Other senior U.S. politicians have urged their government to go even further. Senator Marco Rubio has stated that he will begin to explore ways to cut off U.S. ties with the Solomon Islands and potentially end all financial assistance to the island.

The U.S.’s strong stance is not just based on its support for Taiwan. Since the Solomon Islands holds an important strategic location in the South Pacific and has both deep-water ports and airstrips, the U.S. government will want to make sure the CCP military does not gain access to these. However, if the U.S. imposes punishments that are too severe, it might push the Solomon Islands further into Communist China’s clutches.

Striking this balance is, of course, an issue for the U.S. government to decide. But what is the likely impact for Taiwan?

U.S.-Taiwan Relations Strengthened

Senator Rubio and others are also keen to shore up U.S. support for Taiwan along with condemning the Solomon Islands decision. Rubio has called for Congress to pass the bipartisan TAIPEI Act to “push back against Beijing’s bullying.”

The TAIPEI Act, or the Taiwan Allies International Protection and Enhancement Initiative, proposed to supplement or reduce U.S. diplomatic presence to “provide incentives to countries considering or taking steps to alter or downgrade ties with Taiwan.”

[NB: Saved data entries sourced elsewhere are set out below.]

lemma shcomp_composable:
  assumes "\<alpha> \<in> Sq D" "\<beta> \<in> Sq D" "sright D \<alpha> = sleft D \<beta>"
  shows "htgt D (sdom D \<alpha>) = hsrc D (sdom D \<beta>)" "htgt D (scod D \<alpha>) = hsrc D (scod D \<beta>)"
  using sleft_sright_simps[OF assms(1)] sleft_sright_simps[OF assms(2)] assms(3) by metis+

lemma interchange:
  assumes "\<alpha> \<in> Sq D" "\<alpha>' \<in> Sq D" "\<beta> \<in> Sq D" "\<beta>' \<in> Sq D"
    "scod D \<alpha> = sdom D \<alpha>'" "scod D \<beta> = sdom D \<beta>'" "sright D \<alpha> = sleft D \<beta>" "sright D \<alpha>' = sleft D \<beta>'"
  shows "shcomp D (scomp D \<beta>' \<beta>) (scomp D \<alpha>' \<alpha>) = scomp D (shcomp D \<beta>' \<alpha>') (shcomp D \<beta> \<alpha>)"
  using assms double_category_axioms by simp

lemma assoc_glob_iso:
  assumes "M \<in> HAr D" "N \<in> HAr D" "P \<in> HAr D" "htgt D M = hsrc D N" "htgt D N = hsrc D P"
  shows "glob_iso D (assoc D P N M) (hcomp D (hcomp D P N) M) (hcomp D P (hcomp D N M))"
  using assms double_category_axioms by simp

lemma unit_glob_iso:
  assumes "M \<in> HAr D"
  shows "glob_iso D (lunit D M) (hcomp D (hunit D (htgt D M)) M) M"
    "glob_iso D (runit D M) (hcomp D M (hunit D (hsrc D M))) M"
  using assms double_category_axioms by simp_all

lemma assoc_natural:
  assumes "\<alpha> \<in> Sq D" "\<beta> \<in> Sq D" "\<gamma> \<in> Sq D" "sright D \<alpha> = sleft D \<beta>" "sright D \<beta> = sleft D \<gamma>"
  shows "scomp D (assoc D (scod D \<gamma>) (scod D \<beta>) (scod D \<alpha>)) (shcomp D (shcomp D \<gamma> \<beta>) \<alpha>) =
    scomp D (shcomp D \<gamma> (shcomp D \<beta> \<alpha>)) (assoc D (sdom D \<gamma>) (sdom D \<beta>) (sdom D \<alpha>))"
  using assms double_category_axioms by simp

lemma unit_natural:
  assumes "\<alpha> \<in> Sq D"
  shows "scomp D (lunit D (scod D \<alpha>)) (shcomp D (sunit D (sright D \<alpha>)) \<alpha>) = scomp D \<alpha> (lunit D (sdom D \<alpha>))"
    "scomp D (runit D (scod D \<alpha>)) (shcomp D \<alpha> (sunit D (sleft D \<alpha>))) = scomp D \<alpha> (runit D (sdom D \<alpha>))"
  using assms double_category_axioms by simp_all

lemma pentagon:
  assumes "M \<in> HAr D" "N \<in> HAr D" "P \<in> HAr D" "Q \<in> HAr D"
    "htgt D M = hsrc D N" "htgt D N = hsrc D P" "htgt D P = hsrc D Q"
  shows "scomp D (assoc D Q P (hcomp D N M)) (assoc D (hcomp D Q P) N M) =
    scomp D (shcomp D (sid D Q) (assoc D P N M))
      (scomp D (assoc D Q (hcomp D P N) M) (shcomp D (assoc D Q P N) (sid D M)))"
  using assms double_category_axioms by simp

lemma triangle:
  assumes "M \<in> HAr D" "N \<in> HAr D" "htgt D M = hsrc D N"
  shows "scomp D (shcomp D (sid D N) (lunit D M)) (assoc D N (hunit D (htgt D M)) M) =
    shcomp D (runit D N) (sid D M)"
  using assms double_category_axioms by simp

section \<open>Globular isomorphisms\<close>

lemma glob_isoD:
  assumes "glob_iso D \<theta> X Y"
  shows "\<theta> \<in> Sq D" "sdom D \<theta> = X" "scod D \<theta> = Y"
    "sleft D \<theta> = vid D (hsrc D X)" "sright D \<theta> = vid D (htgt D X)"
  using assms unfolding glob_iso_def by auto

lemma glob_iso_boundary:
  assumes "glob_iso D \<theta> X Y"
  shows "X \<in> HAr D" "Y \<in> HAr D" "hsrc D Y = hsrc D X" "htgt D Y = htgt D X"
  using sleft_sright_simps[OF glob_isoD(1)[OF assms]] glob_isoD[OF assms]
  by (metis hsrc_htgt_in_Ob sdom_scod_in_HAr vid_simps(3))+

lemma glob_iso_sinv:
  assumes "glob_iso D \<theta> X Y"
  shows "glob_iso D (sinv D \<theta>) Y X" "scomp D (sinv D \<theta>) \<theta> = sid D X" "scomp D \<theta> (sinv D \<theta>) = sid D Y"
proof -
  note \<theta> = glob_isoD[OF assms] glob_iso_boundary(3,4)[OF assms]
  have "\<exists>\<psi>. \<psi> \<in> Sq D \<and> sdom D \<psi> = scod D \<theta> \<and> scod D \<psi> = sdom D \<theta> \<and>
      scomp D \<psi> \<theta> = sid D (sdom D \<theta>) \<and> scomp D \<theta> \<psi> = sid D (scod D \<theta>)"
    using assms \<theta> unfolding glob_iso_def by auto
  then have \<psi>: "sinv D \<theta> \<in> Sq D" "sdom D (sinv D \<theta>) = Y" "scod D (sinv D \<theta>) = X"
      "scomp D (sinv D \<theta>) \<theta> = sid D X" "scomp D \<theta> (sinv D \<theta>) = sid D Y"
    unfolding sinv_def using \<theta> by (smt (verit) someI_ex)+
  have X: "X \<in> HAr D" using \<theta> by (metis sdom_scod_in_HAr(1))
  have "sleft D (sinv D \<theta>) = vcomp D (sleft D (sinv D \<theta>)) (sleft D \<theta>)"
    using \<psi>(1-3) \<theta> X by simp
  also have "\<dots> = sleft D (scomp D (sinv D \<theta>) \<theta>)"
    using \<psi>(1-3) \<theta> by simp
  also have "\<dots> = vid D (hsrc D Y)"
    unfolding \<psi>(4) using \<theta> X by simp
  finally have left: "sleft D (sinv D \<theta>) = vid D (hsrc D Y)" .
  have "sright D (sinv D \<theta>) = vcomp D (sright D (sinv D \<theta>)) (sright D \<theta>)"
    using \<psi>(1-3) \<theta> X by simp
  also have "\<dots> = sright D (scomp D (sinv D \<theta>) \<theta>)"
    using \<psi>(1-3) \<theta> by simp
  also have "\<dots> = vid D (htgt D Y)"
    unfolding \<psi>(4) using \<theta> X by simp
  finally have "sright D (sinv D \<theta>) = vid D (htgt D Y)" .
  with left show "glob_iso D (sinv D \<theta>) Y X"
    unfolding glob_iso_def using \<psi> \<theta> by auto
  show "scomp D (sinv D \<theta>) \<theta> = sid D X" "scomp D \<theta> (sinv D \<theta>) = sid D Y"
    by (fact \<psi>)+
qed

lemma glob_iso_simps:
  assumes "glob_iso D \<theta> X Y"
  shows "\<theta> \<in> Sq D" "sdom D \<theta> = X" "scod D \<theta> = Y"
    "sleft D \<theta> = vid D (hsrc D X)" "sright D \<theta> = vid D (htgt D X)"
    "sinv D \<theta> \<in> Sq D" "sdom D (sinv D \<theta>) = Y" "scod D (sinv D \<theta>) = X"
    "sleft D (sinv D \<theta>) = vid D (hsrc D X)" "sright D (sinv D \<theta>) = vid D (htgt D X)"
    "scomp D (sinv D \<theta>) \<theta> = sid D X" "scomp D \<theta> (sinv D \<theta>) = sid D Y"
  using glob_isoD[OF assms] glob_isoD[OF glob_iso_sinv(1)[OF assms]] glob_iso_boundary(3,4)[OF assms]
    glob_iso_sinv(2,3)[OF assms]
  by simp_all

lemma glob_iso_cancel:
  assumes "glob_iso D \<theta> X Y" "x \<in> Sq D"
  shows "scod D x = X \<Longrightarrow> scomp D (sinv D \<theta>) (scomp D \<theta> x) = x"
    "scod D x = Y \<Longrightarrow> scomp D \<theta> (scomp D (sinv D \<theta>) x) = x"
  using assms glob_iso_simps[OF assms(1)] glob_iso_boundary[OF assms(1)] by (simp_all flip: scomp_assoc)

lemma glob_iso_cancel_right:
  assumes "glob_iso D \<theta> X Y" "x \<in> Sq D" "y \<in> Sq D" "sdom D x = Y" "sdom D y = Y"
    "scomp D x \<theta> = scomp D y \<theta>"
  shows "x = y"
proof -
  note \<theta> = glob_iso_simps[OF assms(1)] glob_iso_boundary[OF assms(1)]
  have "x = scomp D (scomp D x \<theta>) (sinv D \<theta>)"
    using assms(2,4) \<theta> by simp
  also have "\<dots> = y"
    unfolding assms(6) using assms \<theta> by simp
  finally show ?thesis .
qed

lemma glob_iso_cancel_left:
  assumes "glob_iso D \<theta> X Y" "x \<in> Sq D" "y \<in> Sq D" "scod D x = X" "scod D y = X"
    "scomp D \<theta> x = scomp D \<theta> y"
  shows "x = y"
  by (metis assms glob_iso_cancel(1))

lemma glob_iso_scomp_eq_iff:
  assumes "glob_iso D \<theta> X Y" "x \<in> Sq D" "y \<in> Sq D" "scod D x = X" "scod D y = Y"
  shows "scomp D \<theta> x = y \<longleftrightarrow> x = scomp D (sinv D \<theta>) y"
  using glob_iso_cancel[OF assms(1)] assms by auto

lemma glob_iso_commute_sinv:
  assumes "glob_iso D \<theta> Y Y'" "glob_iso D \<phi> X X'" "x \<in> Sq D" "y \<in> Sq D"
    "sdom D x = X" "scod D x = Y" "sdom D y = X'" "scod D y = Y'"
    "scomp D \<theta> x = scomp D y \<phi>"
  shows "scomp D x (sinv D \<phi>) = scomp D (sinv D \<theta>) y"
proof -
  note \<theta> = glob_iso_simps[OF assms(1)] glob_iso_boundary[OF assms(1)]
    and \<phi> = glob_iso_simps[OF assms(2)] glob_iso_boundary[OF assms(2)]
  have "scomp D x (sinv D \<phi>) = scomp D (sinv D \<theta>) (scomp D (scomp D \<theta> x) (sinv D \<phi>))"
    using assms(3-8) \<theta> \<phi> glob_iso_cancel(1)[OF assms(1)] by simp
  also have "\<dots> = scomp D (sinv D \<theta>) y"
    unfolding assms(9) using assms \<theta> \<phi> by simp
  finally show ?thesis .
qed

lemma glob_iso_sinv_eqI:
  assumes "glob_iso D \<theta> X Y" "\<psi> \<in> Sq D" "sdom D \<psi> = Y" "scomp D \<psi> \<theta> = sid D X"
  shows "sinv D \<theta> = \<psi>"
proof -
  note \<theta> = glob_iso_simps[OF assms(1)] glob_iso_boundary[OF assms(1)]
  have "scod D \<psi> = X"
    using assms \<theta> by (metis scomp_simps(3) sid_simps(3))
  then have "\<psi> = scomp D (scomp D \<psi> \<theta>) (sinv D \<theta>)"
    using assms(2,3) \<theta> by simp
  then show ?thesis
    unfolding assms(4) using \<theta> by simp
qed

lemma glob_iso_sid:
  assumes "M \<in> HAr D"
  shows "glob_iso D (sid D M) M M" "sinv D (sid D M) = sid D M"
proof -
  show gi: "glob_iso D (sid D M) M M"
    unfolding glob_iso_def using assms by (auto intro: bexI[of _ "sid D M"])
  show "sinv D (sid D M) = sid D M"
    using glob_iso_sinv_eqI[OF gi] assms by simp
qed

lemma glob_iso_scomp:
  assumes "glob_iso D \<theta> X Y" "glob_iso D \<phi> Y Z"
  shows "glob_iso D (scomp D \<phi> \<theta>) X Z" "sinv D (scomp D \<phi> \<theta>) = scomp D (sinv D \<theta>) (sinv D \<phi>)"
proof -
  note \<theta> = glob_iso_simps[OF assms(1)] glob_iso_boundary[OF assms(1)]
    and \<phi> = glob_iso_simps[OF assms(2)] glob_iso_boundary[OF assms(2)]
  have inv: "scomp D (scomp D (sinv D \<theta>) (sinv D \<phi>)) (scomp D \<phi> \<theta>) = sid D X"
    using \<theta> \<phi> glob_iso_cancel(1)[OF assms(2)] by simp
  moreover have "scomp D (scomp D \<phi> \<theta>) (scomp D (sinv D \<theta>) (sinv D \<phi>)) = sid D Z"
    using \<theta> \<phi> glob_iso_cancel(2)[OF assms(1)] by simp
  ultimately show gi: "glob_iso D (scomp D \<phi> \<theta>) X Z"
    unfolding glob_iso_def using \<theta> \<phi> by (auto intro!: bexI[of _ "scomp D (sinv D \<theta>) (sinv D \<phi>)"])
  show "sinv D (scomp D \<phi> \<theta>) = scomp D (sinv D \<theta>) (sinv D \<phi>)"
    using glob_iso_sinv_eqI[OF gi] inv \<theta> \<phi> by simp
qed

If passed, the legislation would be the latest in a long line of pro-Taiwan legislation passed in the U.S., including the Taiwan Travel Act and the Taiwan Assurance Act.

Taiwan’s own foreign policy has shifted towards building stronger ties with established democratic governments rather than courting smaller nations for formal diplomatic recognition. The benefits of this approach are far greater and, ironically, the loss of the Solomon Islands could result in a big diplomatic win for Taiwan in the U.S.

The reality is that the Solomon Islands and Kiribati offered little as diplomatic allies, as they have no real influence on the international stage and bring little in terms of tourism or economic investment to Taiwan. The difference between having 17, 16, or 15 such diplomatic partners is negligible.

But stronger ties with the U.S. and other democratic nations would manifest these benefits that were absent in Taiwan's alliance with the pacific islands.

Today, the U.S. is standing closer than ever to Taiwan against the threat posed by the CCP. Meanwhile, the Solomon Islands and Kiribati are now at the mercy of Beijing. While Beijing may feel that it has scored more political points over the Tsai government, Taiwan has emerged from this week in a stronger position, despite the loss of longtime allies.